In 1932, the year before Schoenheimer's arrival at Columbia, Harold
Urey, who was working in the chemistry department at Columbia, discovered deuterium, a heavy isotope of hydrogen. Urey was awarded the
1934 Nobel Prize in Chemistry for this notable achievement. The
successful preparation of D2O, "heavy water," began
immediately in Urey's laboratory as well as in many others. With
Urey's interest and assistance, David Rittenberg, the recent recipient
of a Ph.D. in Physical Chemistry in Urey's department, was recruited
to work with Schoenheimer to explore the biological applications of the deuterium isotope (2, 3). According to Clarke, Rittenberg's arrival in
Schoenheimer's laboratory led to the "idea of employing a stable
isotope as a label in organic compounds, destined for experiments in
intermediary metabolism, which should be biochemically indistinguishable from their natural analogs" (2). The concept of
"tagged" molecules had been applied earlier when metabolically inert phenyl groups were attached to long chain fatty acids to permit
identification of the products of fatty acid metabolism in animals. One
example of this approach is described by H. D. Dakin in an earlier
JBC Classic (4). Schoenheimer points out in the first paper selected as
a Classic that the physical properties of phenyl derivatives are so
different for the natural molecules that the results are suspect.

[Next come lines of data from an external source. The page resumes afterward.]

lemma aperiodic_finite_facts_over_Pfin1:
  assumes ap: "aperiodic G" and P: "\<And>a. P a \<Longrightarrow> non_unit_divisor (Pfin1 G) a"
    and X: "X \<in> carrier (Pfin1 G)"
  shows "finite (facts_over P (Pfin1 G) X)"
proof -
  have "facts_over P (Pfin1 G) X \<subseteq> {w. set w \<subseteq> Pow X \<and> length w \<le> card X}"
  proof
    fix w assume "w \<in> facts_over P (Pfin1 G) X"
    then have w: "\<forall>a\<in>set w. non_unit_divisor (Pfin1 G) a" "word_prod (Pfin1 G) w = X"
      using P unfolding facts_over_def by auto
    then have "set w \<subseteq> Pow X"
      using letter_subset_word_prod_Pfin1 unfolding non_unit_divisor_def by blast
    moreover have "length w \<le> card X" using aperiodic_length_less_card[OF ap w(1)] w(2) by simp
    ultimately show "w \<in> {w. set w \<subseteq> Pow X \<and> length w \<le> card X}" by simp
  qed
  moreover have "finite {w. set w \<subseteq> Pow X \<and> length w \<le> card X}"
    using X by (intro finite_lists_length_le) (simp add: mem_carrier_Pfin1)
  ultimately show ?thesis by (rule finite_subset)
qed

lemma aperiodic_atomic_factorization_Pfin1:
  assumes ap: "aperiodic G" and "non_unit_divisor (Pfin1 G) X"
  shows "\<exists>w. (\<forall>a\<in>set w. atom (Pfin1 G) a) \<and> word_prod (Pfin1 G) w = X"
  using assms(2)
proof (induction "card X" arbitrary: X rule: less_induct)
  case less
  show ?case
  proof (cases "atom (Pfin1 G) X")
    case True
    then show ?thesis using less.prems
      by (intro exI[of _ "[X]"]) (auto simp: set_mult_one mem_carrier_Pfin1 non_unit_divisor_def)
  next
    case False
    then obtain Y Z where Y: "non_unit_divisor (Pfin1 G) Y" and Z: "non_unit_divisor (Pfin1 G) Z"
      and X: "X = Y <#> Z"
      using less.prems unfolding atom_def by auto
    have Y': "Y \<in> carrier (Pfin1 G)" "Y \<noteq> {\<one>}" and Z': "Z \<in> carrier (Pfin1 G)" "Z \<noteq> {\<one>}"
      using Y Z non_unit_divisor_Pfin1_iff by auto
    have "finite X" using less.prems by (simp add: non_unit_divisor_def mem_carrier_Pfin1)
    then have "card Y < card X" "card Z < card X"
      using aperiodic_psubset_set_mult_right[OF ap Y'(1) Z'] aperiodic_psubset_set_mult_left[OF ap Y' Z'(1)] X
      by (auto intro: psubset_card_mono)
    then obtain u v where
      u: "\<forall>a\<in>set u. atom (Pfin1 G) a" "word_prod (Pfin1 G) u = Y" and
      v: "\<forall>a\<in>set v. atom (Pfin1 G) a" "word_prod (Pfin1 G) v = Z"
      using less.hyps Y Z by meson
    then have "set u \<subseteq> carrier (Pfin1 G)" "set v \<subseteq> carrier (Pfin1 G)"
      unfolding atom_def non_unit_divisor_def by auto
    then have "word_prod (Pfin1 G) (u @ v) = X"
      using monoid.word_prod_append[OF monoid_Pfin1] u(2) v(2) X by simp
    then show ?thesis using u(1) v(1) by (intro exI[of _ "u @ v"]) auto
  qed
qed

lemma not_aperiodic_idempotent_Pfin1:
  assumes "\<not> aperiodic G"
  shows "\<exists>E. non_unit_divisor (Pfin1 G) E \<and> E <#> E = E"
proof -
  obtain x where x: "x \<in> carrier G" "x \<noteq> \<one>" "finite {x [^] (n::nat) | n. True}"
    using assms unfolding aperiodic_def by blast
  define E where "E = {x [^] (n::nat) | n. True}"
  have E: "E \<in> carrier (Pfin1 G)"
    unfolding E_def mem_carrier_Pfin1 using x by (auto intro!: exI[of _ "0::nat"])
  moreover have "x \<in> E" unfolding E_def using x(1) by (auto intro!: exI[of _ "1::nat"])
  ultimately have "non_unit_divisor (Pfin1 G) E" using x(2) non_unit_divisor_Pfin1_iff by auto
  moreover have "E <#> E = E"
  proof
    show "E <#> E \<subseteq> E" unfolding E_def set_mult_def using x(1) by (auto simp: nat_pow_mult)
    show "E \<subseteq> E <#> E" using E by (intro set_mult_superset_left) (auto simp: mem_carrier_Pfin1)
  qed
  ultimately show ?thesis by blast
qed

lemma aperiodic_iff_BF_over_FF_over_Pfin1:
  assumes atom_P: "\<And>a. atom (Pfin1 G) a \<Longrightarrow> P a"
    and P_non_unit: "\<And>a. P a \<Longrightarrow> non_unit_divisor (Pfin1 G) a"
  shows aperiodic_iff_BF_over_Pfin1: "aperiodic G \<longleftrightarrow> BF_over P (Pfin1 G)"
    and aperiodic_iff_FF_over_Pfin1: "aperiodic G \<longleftrightarrow> FF_over P (Pfin1 G)"
proof -
  have not_aperiodic: "\<not> BF_over P (Pfin1 G) \<and> \<not> FF_over P (Pfin1 G)" if nap: "\<not> aperiodic G"
  proof -
    obtain E where E: "non_unit_divisor (Pfin1 G) E" "E <#> E = E"
      using not_aperiodic_idempotent_Pfin1[OF nap] by blast
    have "P a \<Longrightarrow> a \<in> carrier (Pfin1 G)" for a
      using P_non_unit unfolding non_unit_divisor_def by blast
    then show ?thesis using monoid.idempotent_not_BF_over_FF_over[OF monoid_Pfin1 E(1)] E(2) by simp
  qed
  have aperiodic: "BF_over P (Pfin1 G) \<and> FF_over P (Pfin1 G)" if ap: "aperiodic G"
  proof -
    have ex: "facts_over P (Pfin1 G) X \<noteq> {}" if "non_unit_divisor (Pfin1 G) X" for X
      using aperiodic_atomic_factorization_Pfin1[OF ap that] atom_P unfolding facts_over_def by blast
    have fin: "finite (facts_over P (Pfin1 G) X)" if "X \<in> carrier (Pfin1 G)" for X
      using aperiodic_finite_facts_over_Pfin1[OF ap P_non_unit that] .
    have "BF_over P (Pfin1 G)"
      unfolding BF_over_def using ex fin by (simp add: bdd_above_finite)
    moreover have "FF_over P (Pfin1 G)"
      unfolding FF_over_def using ex fin by (metis finite_subset)
    ultimately show ?thesis ..
  qed
  show "aperiodic G \<longleftrightarrow> BF_over P (Pfin1 G)" "aperiodic G \<longleftrightarrow> FF_over P (Pfin1 G)"
    using not_aperiodic aperiodic by auto
qed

It was difficult to select the JBC Classic papers to be representative
of Schoenheimer's work because so many qualify. Of the two that were
chosen, the first introduces the rationale and methodology for the use
of deuterium to study metabolism. The second applies that approach to
the study of cholesterol metabolism, a problem Schoenheimer had first
considered while in Freiburg in 1926. In the introduction of the first
Classic, Schoenheimer and Rittenberg summarize nicely the technical
obstacles that had limited the study and understanding of metabolism.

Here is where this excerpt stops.